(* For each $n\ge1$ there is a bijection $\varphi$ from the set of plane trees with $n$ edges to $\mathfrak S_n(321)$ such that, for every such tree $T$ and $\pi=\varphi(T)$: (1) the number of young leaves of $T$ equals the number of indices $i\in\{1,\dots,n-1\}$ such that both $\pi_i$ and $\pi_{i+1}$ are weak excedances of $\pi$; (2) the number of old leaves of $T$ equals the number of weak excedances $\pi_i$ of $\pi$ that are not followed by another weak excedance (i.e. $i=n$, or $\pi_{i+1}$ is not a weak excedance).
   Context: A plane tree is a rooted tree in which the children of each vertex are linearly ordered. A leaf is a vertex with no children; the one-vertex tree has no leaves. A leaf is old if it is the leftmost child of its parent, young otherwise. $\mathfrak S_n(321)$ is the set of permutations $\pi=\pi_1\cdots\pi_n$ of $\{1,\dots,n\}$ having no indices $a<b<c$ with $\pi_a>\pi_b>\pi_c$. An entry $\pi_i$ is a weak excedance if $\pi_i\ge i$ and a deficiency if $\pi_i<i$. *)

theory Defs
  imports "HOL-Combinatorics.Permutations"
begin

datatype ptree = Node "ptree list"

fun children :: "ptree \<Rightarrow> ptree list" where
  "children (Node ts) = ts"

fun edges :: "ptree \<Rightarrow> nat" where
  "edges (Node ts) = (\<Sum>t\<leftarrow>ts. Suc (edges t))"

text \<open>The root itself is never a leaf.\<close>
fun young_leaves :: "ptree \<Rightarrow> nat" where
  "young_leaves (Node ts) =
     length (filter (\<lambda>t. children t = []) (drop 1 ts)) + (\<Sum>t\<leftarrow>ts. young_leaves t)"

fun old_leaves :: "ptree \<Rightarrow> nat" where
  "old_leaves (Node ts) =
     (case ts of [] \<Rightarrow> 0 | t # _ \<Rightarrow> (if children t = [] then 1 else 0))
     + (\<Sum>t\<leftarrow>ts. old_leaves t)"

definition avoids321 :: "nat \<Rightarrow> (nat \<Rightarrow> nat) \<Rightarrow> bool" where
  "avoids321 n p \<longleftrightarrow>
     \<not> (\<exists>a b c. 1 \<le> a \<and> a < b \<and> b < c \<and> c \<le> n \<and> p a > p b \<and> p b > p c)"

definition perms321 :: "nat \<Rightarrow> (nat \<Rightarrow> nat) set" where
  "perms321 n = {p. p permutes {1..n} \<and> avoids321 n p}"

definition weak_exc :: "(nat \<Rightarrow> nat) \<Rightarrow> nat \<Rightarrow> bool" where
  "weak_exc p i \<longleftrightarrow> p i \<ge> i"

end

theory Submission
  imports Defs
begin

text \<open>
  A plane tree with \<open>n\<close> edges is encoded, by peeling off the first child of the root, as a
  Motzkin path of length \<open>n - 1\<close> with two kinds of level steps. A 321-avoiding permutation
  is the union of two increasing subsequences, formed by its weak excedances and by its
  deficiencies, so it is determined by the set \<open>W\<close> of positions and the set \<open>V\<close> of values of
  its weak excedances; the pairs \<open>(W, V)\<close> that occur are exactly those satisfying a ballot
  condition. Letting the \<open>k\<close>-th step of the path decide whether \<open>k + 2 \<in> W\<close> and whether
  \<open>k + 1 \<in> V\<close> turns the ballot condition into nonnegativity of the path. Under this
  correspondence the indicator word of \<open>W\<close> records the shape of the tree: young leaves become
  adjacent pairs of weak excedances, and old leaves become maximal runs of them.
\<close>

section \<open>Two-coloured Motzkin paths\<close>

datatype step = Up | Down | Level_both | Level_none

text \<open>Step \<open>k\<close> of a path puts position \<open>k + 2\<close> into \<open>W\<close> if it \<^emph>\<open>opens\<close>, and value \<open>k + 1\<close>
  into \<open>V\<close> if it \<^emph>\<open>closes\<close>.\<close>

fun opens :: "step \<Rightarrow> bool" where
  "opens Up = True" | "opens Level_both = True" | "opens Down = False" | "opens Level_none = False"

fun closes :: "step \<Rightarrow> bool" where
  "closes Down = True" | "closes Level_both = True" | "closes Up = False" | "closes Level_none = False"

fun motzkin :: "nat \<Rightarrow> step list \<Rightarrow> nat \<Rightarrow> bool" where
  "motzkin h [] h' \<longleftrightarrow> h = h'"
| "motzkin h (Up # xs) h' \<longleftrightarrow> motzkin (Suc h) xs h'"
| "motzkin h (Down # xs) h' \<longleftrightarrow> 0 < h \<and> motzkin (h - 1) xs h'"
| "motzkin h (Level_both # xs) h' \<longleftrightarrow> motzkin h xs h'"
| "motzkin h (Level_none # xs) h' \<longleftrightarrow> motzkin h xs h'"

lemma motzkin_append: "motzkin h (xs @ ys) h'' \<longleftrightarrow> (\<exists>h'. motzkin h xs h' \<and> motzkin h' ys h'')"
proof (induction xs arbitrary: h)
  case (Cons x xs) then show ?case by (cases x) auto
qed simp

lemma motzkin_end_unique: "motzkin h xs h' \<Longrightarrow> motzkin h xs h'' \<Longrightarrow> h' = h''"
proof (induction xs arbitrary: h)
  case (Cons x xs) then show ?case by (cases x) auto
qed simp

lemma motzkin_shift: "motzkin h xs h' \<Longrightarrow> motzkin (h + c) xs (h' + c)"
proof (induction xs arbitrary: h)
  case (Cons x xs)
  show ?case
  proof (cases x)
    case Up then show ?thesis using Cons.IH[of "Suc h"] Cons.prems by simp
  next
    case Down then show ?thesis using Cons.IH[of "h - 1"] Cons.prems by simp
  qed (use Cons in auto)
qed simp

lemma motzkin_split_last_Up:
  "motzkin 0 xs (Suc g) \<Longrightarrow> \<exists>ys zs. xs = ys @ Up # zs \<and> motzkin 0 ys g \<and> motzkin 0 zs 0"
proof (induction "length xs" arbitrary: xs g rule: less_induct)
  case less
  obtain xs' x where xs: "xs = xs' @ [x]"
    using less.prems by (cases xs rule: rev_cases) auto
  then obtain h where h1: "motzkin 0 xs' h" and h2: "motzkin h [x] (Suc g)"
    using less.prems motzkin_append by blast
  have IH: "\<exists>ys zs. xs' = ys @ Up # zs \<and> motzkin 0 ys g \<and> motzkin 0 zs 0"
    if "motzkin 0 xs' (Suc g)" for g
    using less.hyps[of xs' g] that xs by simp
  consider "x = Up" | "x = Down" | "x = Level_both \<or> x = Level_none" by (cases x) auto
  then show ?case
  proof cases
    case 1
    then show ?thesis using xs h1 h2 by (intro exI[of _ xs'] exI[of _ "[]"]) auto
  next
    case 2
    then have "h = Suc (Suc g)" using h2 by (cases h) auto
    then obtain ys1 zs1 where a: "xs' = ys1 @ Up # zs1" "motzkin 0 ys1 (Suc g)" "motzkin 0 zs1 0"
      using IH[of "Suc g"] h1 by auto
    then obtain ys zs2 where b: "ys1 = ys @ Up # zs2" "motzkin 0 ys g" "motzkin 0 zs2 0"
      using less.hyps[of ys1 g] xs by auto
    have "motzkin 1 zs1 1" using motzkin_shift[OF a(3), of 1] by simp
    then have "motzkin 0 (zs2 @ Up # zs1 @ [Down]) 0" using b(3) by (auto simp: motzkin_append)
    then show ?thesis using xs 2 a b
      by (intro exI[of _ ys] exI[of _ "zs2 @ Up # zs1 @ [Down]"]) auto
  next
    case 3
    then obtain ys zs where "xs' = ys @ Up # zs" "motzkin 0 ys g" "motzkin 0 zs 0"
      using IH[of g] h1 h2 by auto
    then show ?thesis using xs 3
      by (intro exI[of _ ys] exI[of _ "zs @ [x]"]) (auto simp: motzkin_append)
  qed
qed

******************************

● **DIRECTIONS FOR THIS TASK**
Print the lines above, unchanged, from the start of the records to the line with "(case ts of", including that final line.

● **TASK RESPONSE**
(* For each $n\ge1$ there is a bijection $\varphi$ from the set of plane trees with $n$ edges to $\mathfrak S_n(321)$ such that, for every such tree $T$ and $\pi=\varphi(T)$: (1) the number of young leaves of $T$ equals the number of indices $i\in\{1,\dots,n-1\}$ such that both $\pi_i$ and $\pi_{i+1}$ are weak excedances of $\pi$; (2) the number of old leaves of $T$ equals the number of weak excedances $\pi_i$ of $\pi$ that are not followed by another weak excedance (i.e. $i=n$, or $\pi_{i+1}$ is not a weak excedance).
   Context: A plane tree is a rooted tree in which the children of each vertex are linearly ordered. A leaf is a vertex with no children; the one-vertex tree has no leaves. A leaf is old if it is the leftmost child of its parent, young otherwise. $\mathfrak S_n(321)$ is the set of permutations $\pi=\pi_1\cdots\pi_n$ of $\{1,\dots,n\}$ having no indices $a<b<c$ with $\pi_a>\pi_b>\pi_c$. An entry $\pi_i$ is a weak excedance if $\pi_i\ge i$ and a deficiency if $\pi_i<i$. *)

theory Defs
  imports "HOL-Combinatorics.Permutations"
begin

datatype ptree = Node "ptree list"

fun children :: "ptree \<Rightarrow> ptree list" where
  "children (Node ts) = ts"

fun edges :: "ptree \<Rightarrow> nat" where
  "edges (Node ts) = (\<Sum>t\<leftarrow>ts. Suc (edges t))"

text \<open>The root itself is never a leaf.\<close>
fun young_leaves :: "ptree \<Rightarrow> nat" where
  "young_leaves (Node ts) =
     length (filter (\<lambda>t. children t = []) (drop 1 ts)) + (\<Sum>t\<leftarrow>ts. young_leaves t)"

fun old_leaves :: "ptree \<Rightarrow> nat" where
  "old_leaves (Node ts) =
     (case ts of [] \<Rightarrow> 0 | t # _ \<Rightarrow> (if children t = [] then 1 else 0))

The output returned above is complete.